Exercise: Your answer should consist only of the lines below from the one with "w - heis_form" through the one with "u (reduce_mod p", copied exactly.
Information section start
(* Let $p\geq 3$ be a prime and let $G$ be a group of order $p^5$ generated by elements $f_1,\dots,f_5$ which (possibly among other relations) satisfy: (i) $f_4^p=f_5^p=1$ and $f_5\in Z(G)$; (ii) $[f_2,f_1]=f_3$, $[f_3,f_1]=f_4$, $[f_4,f_1]=[f_3,f_2]=f_5$, $[f_4,f_2]=[f_4,f_3]=1$; (iii) $\langle f_4,f_5\rangle\cong C_p\times C_p$, and $G/\langle f_4,f_5\rangle$ is a non-abelian group of order $p^3$ and exponent $p$. Then $B_0(G)\neq 0$.
   Context: $[g,h]=g^{-1}h^{-1}gh$; $Z(G)$ is the center of $G$; $C_p$ is the cyclic group of order $p$. $B_0(G)=\bigcap_A \ker\{\mathrm{res}^G_A : H^2(G,\mathbb{Q}/\mathbb{Z})\to H^2(A,\mathbb{Q}/\mathbb{Z})\}$, where $A$ runs over all bicyclic subgroups of $G$ (cyclic groups or direct products of two cyclic groups), with trivial action on $\mathbb{Q}/\mathbb{Z}$. *)

theory Defs
  imports "HOL-Algebra.Algebra"
begin

definition commutator :: "('a, 'b) monoid_scheme \<Rightarrow> 'a \<Rightarrow> 'a \<Rightarrow> 'a" where
  "commutator G g h = inv\<^bsub>G\<^esub> g \<otimes>\<^bsub>G\<^esub> inv\<^bsub>G\<^esub> h \<otimes>\<^bsub>G\<^esub> g \<otimes>\<^bsub>G\<^esub> h"

definition has_exponent :: "('a, 'b) monoid_scheme \<Rightarrow> nat \<Rightarrow> bool" where
  "has_exponent G n \<longleftrightarrow> n > 0 \<and> (\<forall>x\<in>carrier G. x [^]\<^bsub>G\<^esub> n = \<one>\<^bsub>G\<^esub>) \<and>
     (\<forall>m>0. (\<forall>x\<in>carrier G. x [^]\<^bsub>G\<^esub> m = \<one>\<^bsub>G\<^esub>) \<longrightarrow> n dvd m)"

(* Q/Z is represented by rat modulo the integers *)
definition qz_eq :: "rat \<Rightarrow> rat \<Rightarrow> bool" where
  "qz_eq x y \<longleftrightarrow> x - y \<in> \<int>"

(* inhomogeneous 2-cochains G x G -> Q/Z with trivial action *)
definition cocycle2 :: "('a, 'b) monoid_scheme \<Rightarrow> ('a \<Rightarrow> 'a \<Rightarrow> rat) \<Rightarrow> bool" where
  "cocycle2 G c \<longleftrightarrow> (\<forall>g\<in>carrier G. \<forall>h\<in>carrier G. \<forall>k\<in>carrier G.
      qz_eq (c h k - c (g \<otimes>\<^bsub>G\<^esub> h) k + c g (h \<otimes>\<^bsub>G\<^esub> k) - c g h) 0)"

definition coboundary2 :: "('a, 'b) monoid_scheme \<Rightarrow> ('a \<Rightarrow> 'a \<Rightarrow> rat) \<Rightarrow> bool" where
  "coboundary2 G c \<longleftrightarrow> (\<exists>f :: 'a \<Rightarrow> rat. \<forall>g\<in>carrier G. \<forall>h\<in>carrier G.
      qz_eq (c g h) (f h - f (g \<otimes>\<^bsub>G\<^esub> h) + f g))"

definition bicyclic_subgroup :: "('a, 'b) monoid_scheme \<Rightarrow> 'a set \<Rightarrow> bool" where
  "bicyclic_subgroup G A \<longleftrightarrow> subgroup A G \<and>
     (\<exists>a\<in>carrier G. \<exists>b\<in>carrier G. A = generate G {a, b}) \<and>
     (\<forall>x\<in>A. \<forall>y\<in>A. x \<otimes>\<^bsub>G\<^esub> y = y \<otimes>\<^bsub>G\<^esub> x)"

(* B_0(G) \<noteq> 0: some class in H^2(G,Q/Z) is nonzero but restricts to zero
   in H^2(A,Q/Z) for every bicyclic subgroup A *)
definition bogomolov_nontrivial :: "('a, 'b) monoid_scheme \<Rightarrow> bool" where
  "bogomolov_nontrivial G \<longleftrightarrow> (\<exists>c. cocycle2 G c \<and> \<not> coboundary2 G c \<and>
     (\<forall>A. bicyclic_subgroup G A \<longrightarrow> coboundary2 (G\<lparr>carrier := A\<rparr>) c))"

end

theory Submission
  imports Defs
begin

(* Let N = <f4, f5> and Q = G/N.  By the hypotheses Q is the Heisenberg group of order p^3 and
   exponent p, with generators x, y, z the images of f1, f2, f3; every element of Q is uniquely
   x^a y^b z^c with a, b, c < p.  On Q we use the explicit 2-cocycle
       beta(x^a y^b z^c, x^a' y^b' z^c') = (c b' - b c' + b a' b') / p     (mod Z),
   whose antisymmetrisation at (y, z) is -2/p.  Its inflation c = beta o pi to G is the class
   exhibiting B_0(G) <> 0:
   (1) c is not a coboundary: for a coboundary df and h g = g h k one has
       c(g,h) - c(h,g) + c(gh,k) = f(k) mod Z.  Applying this to f3 f2 = f2 f3 f5 and to
       f4 f1 = f1 f4 f5 (where c vanishes) yields -2/p in Z, impossible for p >= 3.
   (2) c restricts to a coboundary on every bicyclic subgroup A = <a, b>: a commutation
       computation in G shows that the images of commuting elements a, b lie in one cyclic
       subgroup of Q, and every 2-cocycle restricted to a cyclic group is a coboundary. *)

lemma (in group) commutator_relation:
  assumes a: "a \<in> carrier G" and b: "b \<in> carrier G" and k: "commutator G a b = k"
  shows "a \<otimes> b = b \<otimes> a \<otimes> k"
proof -
  have "b \<otimes> a \<otimes> k = b \<otimes> (a \<otimes> (inv a \<otimes> (inv b \<otimes> (a \<otimes> b))))"
    unfolding k[symmetric] commutator_def using a b by (simp add: m_assoc)
  also have "\<dots> = b \<otimes> (inv b \<otimes> (a \<otimes> b))" using a b by (simp add: m_assoc[symmetric])
  also have "\<dots> = a \<otimes> b" using a b by (simp add: m_assoc[symmetric])
  finally show ?thesis by simp
qed

lemma (in monoid) pow_pow_commute:
  assumes "x \<otimes> y = y \<otimes> x" "x \<in> carrier G" "y \<in> carrier G"
  shows "x [^] (m::nat) \<otimes> y [^] (n::nat) = y [^] n \<otimes> x [^] m"
proof -
  have "y [^] n \<otimes> x = x \<otimes> y [^] n" using group_commutes_pow[of y x n] assms by simp
  then show ?thesis using group_commutes_pow[of x "y [^] n" m] assms by simp
qed

lemma (in group) commute_mult:
  assumes "a \<otimes> b = b \<otimes> a" "a \<otimes> c = c \<otimes> a" "a \<in> carrier G" "b \<in> carrier G" "c \<in> carrier G"
  shows "a \<otimes> (b \<otimes> c) = (b \<otimes> c) \<otimes> a"
  using assms by (metis m_assoc)

lemma (in monoid) pow_mod_exponent:
  assumes "x \<in> carrier G" "x [^] (p::nat) = \<one>"
  shows "x [^] (n::nat) = x [^] (n mod p)"
proof -
  have "x [^] n = x [^] (p * (n div p) + n mod p)" by simp
  also have "\<dots> = (x [^] p) [^] (n div p) \<otimes> x [^] (n mod p)"
    by (simp only: nat_pow_pow[OF assms(1)] nat_pow_mult[OF assms(1)])
  also have "\<dots> = x [^] (n mod p)" using assms by (simp add: nat_pow_one)
  finally show ?thesis .
qed

lemma (in group) inv_eq_pow_pred:
  assumes "w \<in> carrier G" "w [^] (n::nat) = \<one>" "n \<ge> 1"
  shows "inv w = w [^] (n - 1)"
proof -
  have "w [^] (n - 1) \<otimes> w = w [^] n"
    using assms(1,3) nat_pow_Suc[of w "n - 1"] by simp
  then show ?thesis using assms by (metis inv_equality nat_pow_closed)
qed

lemma (in group) pow_eq_imp_mod_ord:
  assumes u: "u \<in> carrier G" and e: "u [^] (i::nat) = u [^] (k::nat)"
  shows "i mod ord u = k mod ord u"
proof -
  have "int (ord u) dvd (int k - int i)"
    using int_pow_eq[OF u, of "int i" "int k"] e by (simp add: int_pow_int)
  then have "int i mod int (ord u) = int k mod int (ord u)"
    by (simp add: mod_eq_dvd_iff dvd_diff_commute)
  then show ?thesis by (simp flip: zmod_int)
qed

section \<open>2-cocycles with values in Q/Z\<close>

lemma (in group) cocycle_on_powers:
  assumes u: "u \<in> carrier G" and coc: "cocycle2 G c"
    and F0: "F 0 = c \<one> \<one>" and step: "\<And>k. F (Suc k) = F k + s - c u (u [^] k)"
  shows "c (u [^] i) (u [^] j) - (F j - F (i + j) + F i) \<in> \<int>"
proof -
  have cc: "c h k - c (g \<otimes> h) k + c g (h \<otimes> k) - c g h \<in> \<int>"
    if "g \<in> carrier G" "h \<in> carrier G" "k \<in> carrier G" for g h k
    using coc that unfolding cocycle2_def qz_eq_def by simp
  show ?thesis
  proof (induction i)
    case 0
    have "c \<one> (u [^] j) - c (\<one> \<otimes> \<one>) (u [^] j) + c \<one> (\<one> \<otimes> u [^] j) - c \<one> \<one> \<in> \<int>"
      by (rule cc) (use u in auto)
    then show ?case using F0 u by simp
  next
    case (Suc i)
    have "c (u [^] i) (u [^] j) - c (u \<otimes> u [^] i) (u [^] j) + c u (u [^] i \<otimes> u [^] j)
        - c u (u [^] i) \<in> \<int>"
      by (rule cc) (use u in auto)
    then have coc_u: "c (u [^] i) (u [^] j) - c (u [^] Suc i) (u [^] j) + c u (u [^] (i + j))
        - c u (u [^] i) \<in> \<int>"
      using u by (simp only: nat_pow_Suc2[OF u] nat_pow_mult[OF u])
    have eq: "c (u [^] Suc i) (u [^] j) - (F j - F (Suc i + j) + F (Suc i))
      = (c (u [^] i) (u [^] j) - (F j - F (i + j) + F i))
        - (c (u [^] i) (u [^] j) - c (u [^] Suc i) (u [^] j) + c u (u [^] (i + j)) - c u (u [^] i))"
      using step[of "i + j"] step[of i] by (simp add: algebra_simps del: nat_pow_Suc)
    show ?case unfolding eq by (rule Ints_diff[OF Suc.IH coc_u])
  qed
qed

(* Every 2-cocycle restricted to a cyclic subgroup <u> of a finite group is a coboundary.
   The averaged increment s makes F periodic modulo ord u, so F descends to <u>. *)
lemma (in group) cocycle_on_cyclic_is_coboundary:
  assumes fin: "finite (carrier G)" and u: "u \<in> carrier G" and coc: "cocycle2 G c"
  shows "\<exists>f. \<forall>(i::nat) (j::nat). qz_eq (c (u [^] i) (u [^] j))
                                         (f (u [^] j) - f (u [^] i \<otimes> u [^] j) + f (u [^] i))"
proof -
  define n where "n = ord u"
  have n1: "n \<ge> 1" using ord_ge_1[OF fin u] n_def by simp
  have umod: "u [^] k = u [^] (k mod n)" for k :: nat
    using pow_mod_exponent[OF u] u n_def by simp
  define s where "s = (\<Sum>i<n. c u (u [^] i)) / of_nat n"
  have ns: "of_nat n * s = (\<Sum>i<n. c u (u [^] i))" using n1 by (simp add: s_def)
  define F where "F k = c \<one> \<one> + of_nat (k mod n) * s - (\<Sum>i<k mod n. c u (u [^] i))" for k :: nat
  have step: "F (Suc k) = F k + s - c u (u [^] k)" for k
  proof (cases "Suc (k mod n) < n")
    case True
    then have "Suc k mod n = Suc (k mod n)" by (simp add: mod_Suc)
    then show ?thesis using umod[of k] unfolding F_def by (simp add: algebra_simps)
  next
    case False
    have "k mod n < n" using n1 by simp
    then have km: "k mod n = n - 1" using False by linarith
    then have "Suc k mod n = 0" using n1 by (simp add: mod_Suc)
    moreover have "(\<Sum>i<n. c u (u [^] i)) = (\<Sum>i<n - 1. c u (u [^] i)) + c u (u [^] (n - 1))"
      using n1 sum.lessThan_Suc[of "\<lambda>i. c u (u [^] i)" "n - 1"] by simp
    moreover have "u [^] k = u [^] (n - 1)" using umod[of k] km by simp
    ultimately show ?thesis unfolding F_def using km n1 ns by (simp add: algebra_simps of_nat_diff)
  qed
  have F_powers: "F i = F k" if "u [^] i = u [^] k" for i k
    using pow_eq_imp_mod_ord[OF u that] unfolding F_def n_def by simp
  define f where "f v = F (SOME k. v = u [^] k)" for v
  have f_pow: "f (u [^] i) = F i" for i
    unfolding f_def by (rule F_powers[symmetric], rule someI_ex) blast
  show ?thesis
  proof (intro exI[of _ f] allI)
    fix i j :: nat
    show "qz_eq (c (u [^] i) (u [^] j)) (f (u [^] j) - f (u [^] i \<otimes> u [^] j) + f (u [^] i))"
      using cocycle_on_powers[OF u coc _ step, of i j] u
      unfolding qz_eq_def f_pow nat_pow_mult[OF u] by (simp add: F_def)
  qed
qed

lemma (in group) coboundary_commutator:
  assumes cob: "\<And>g h. g \<in> carrier G \<Longrightarrow> h \<in> carrier G \<Longrightarrow> qz_eq (c g h) (f h - f (g \<otimes> h) + f g)"
    and g: "g \<in> carrier G" and h: "h \<in> carrier G" and k: "k \<in> carrier G"
    and hg: "h \<otimes> g = g \<otimes> h \<otimes> k"
  shows "c g h - c h g + c (g \<otimes> h) k - f k \<in> \<int>"
proof -
  have cob': "c a b - (f b - f (a \<otimes> b) + f a) \<in> \<int>" if "a \<in> carrier G" "b \<in> carrier G" for a b
    using cob[OF that] unfolding qz_eq_def .
  have "(c g h - (f h - f (g \<otimes> h) + f g)) - (c h g - (f g - f (h \<otimes> g) + f h))
        + (c (g \<otimes> h) k - (f k - f (g \<otimes> h \<otimes> k) + f (g \<otimes> h))) \<in> \<int>"
    using g h k by (intro Ints_add[OF Ints_diff[OF cob' cob']] cob') auto
  then show ?thesis using hg by (simp add: algebra_simps)
qed

section \<open>The Heisenberg cocycle on integer coordinates\<close>

(* Multiplication of coordinates: x^a y^b z^c * x^a' y^b' z^c' = x^(a+a') y^(b+b') z^(c+c'+a'b). *)
fun heis_mult :: "nat \<times> nat \<times> nat \<Rightarrow> nat \<times> nat \<times> nat \<Rightarrow> nat \<times> nat \<times> nat" where
  "heis_mult (a, b, c) (a', b', c') = (a + a', b + b', c + c' + a' * b)"

fun reduce_mod :: "nat \<Rightarrow> nat \<times> nat \<times> nat \<Rightarrow> nat \<times> nat \<times> nat" where
  "reduce_mod p (a, b, c) = (a mod p, b mod p, c mod p)"

fun heis_form :: "nat \<times> nat \<times> nat \<Rightarrow> nat \<times> nat \<times> nat \<Rightarrow> int" where
  "heis_form (a, b, c) (a', b', c') = int c * int b' - int b * int c' + int b * int a' * int b'"

lemma heis_form_cocycle:
  "heis_form v w - heis_form (heis_mult u v) w + heis_form u (heis_mult v w) - heis_form u v = 0"
  by (cases u; cases v; cases w) (simp add: algebra_simps)

lemma heis_form_reduce_left: "heis_form (reduce_mod p u) v mod int p = heis_form u v mod int p"
  by (cases u; cases v) (auto simp: zmod_int intro!: mod_add_cong mod_diff_cong mod_mult_cong)

lemma heis_form_reduce_right: "heis_form u (reduce_mod p v) mod int p = heis_form u v mod int p"
  by (cases u; cases v) (auto simp: zmod_int intro!: mod_add_cong mod_diff_cong mod_mult_cong)

lemma divisible_int_quotient_in_Ints:
  assumes "D mod int p = 0" "p > 0"
  shows "(of_int D / of_nat p :: rat) \<in> \<int>"
proof -
  obtain k where "D = int p * k" using assms(1) by (metis dvd_def mod_0_imp_dvd)
  then show ?thesis using assms(2) by simp
qed

section \<open>The Heisenberg group of order p^3 and exponent p\<close>

locale heisenberg = group Q for Q (structure) +
  fixes p :: nat and x y z
  assumes p_prime: "Factorial_Ring.prime p"
    and xyz: "x \<in> carrier Q" "y \<in> carrier Q" "z \<in> carrier Q"
    and yx: "y \<otimes> x = x \<otimes> y \<otimes> z"
    and zx: "z \<otimes> x = x \<otimes> z" and zy: "z \<otimes> y = y \<otimes> z"
    and xp: "x [^] p = \<one>" and yp: "y [^] p = \<one>" and zp: "z [^] p = \<one>"
    and finQ: "finite (carrier Q)" and cardQ: "card (carrier Q) = p ^ 3"
    and genQ: "carrier Q \<subseteq> generate Q {x, y, z}"
begin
Information section end
Exercise result:
  "heis_form v w - heis_form (heis_mult u v) w + heis_form u (heis_mult v w) - heis_form u v = 0"
  by (cases u; cases v; cases w) (simp add: algebra_simps)

lemma heis_form_reduce_left: "heis_form (reduce_mod p u) v mod int p = heis_form u v mod int p"
  by (cases u; cases v) (auto simp: zmod_int intro!: mod_add_cong mod_diff_cong mod_mult_cong)

lemma heis_form_reduce_right: "heis_form u (reduce_mod p v) mod int p = heis_form u v mod int p"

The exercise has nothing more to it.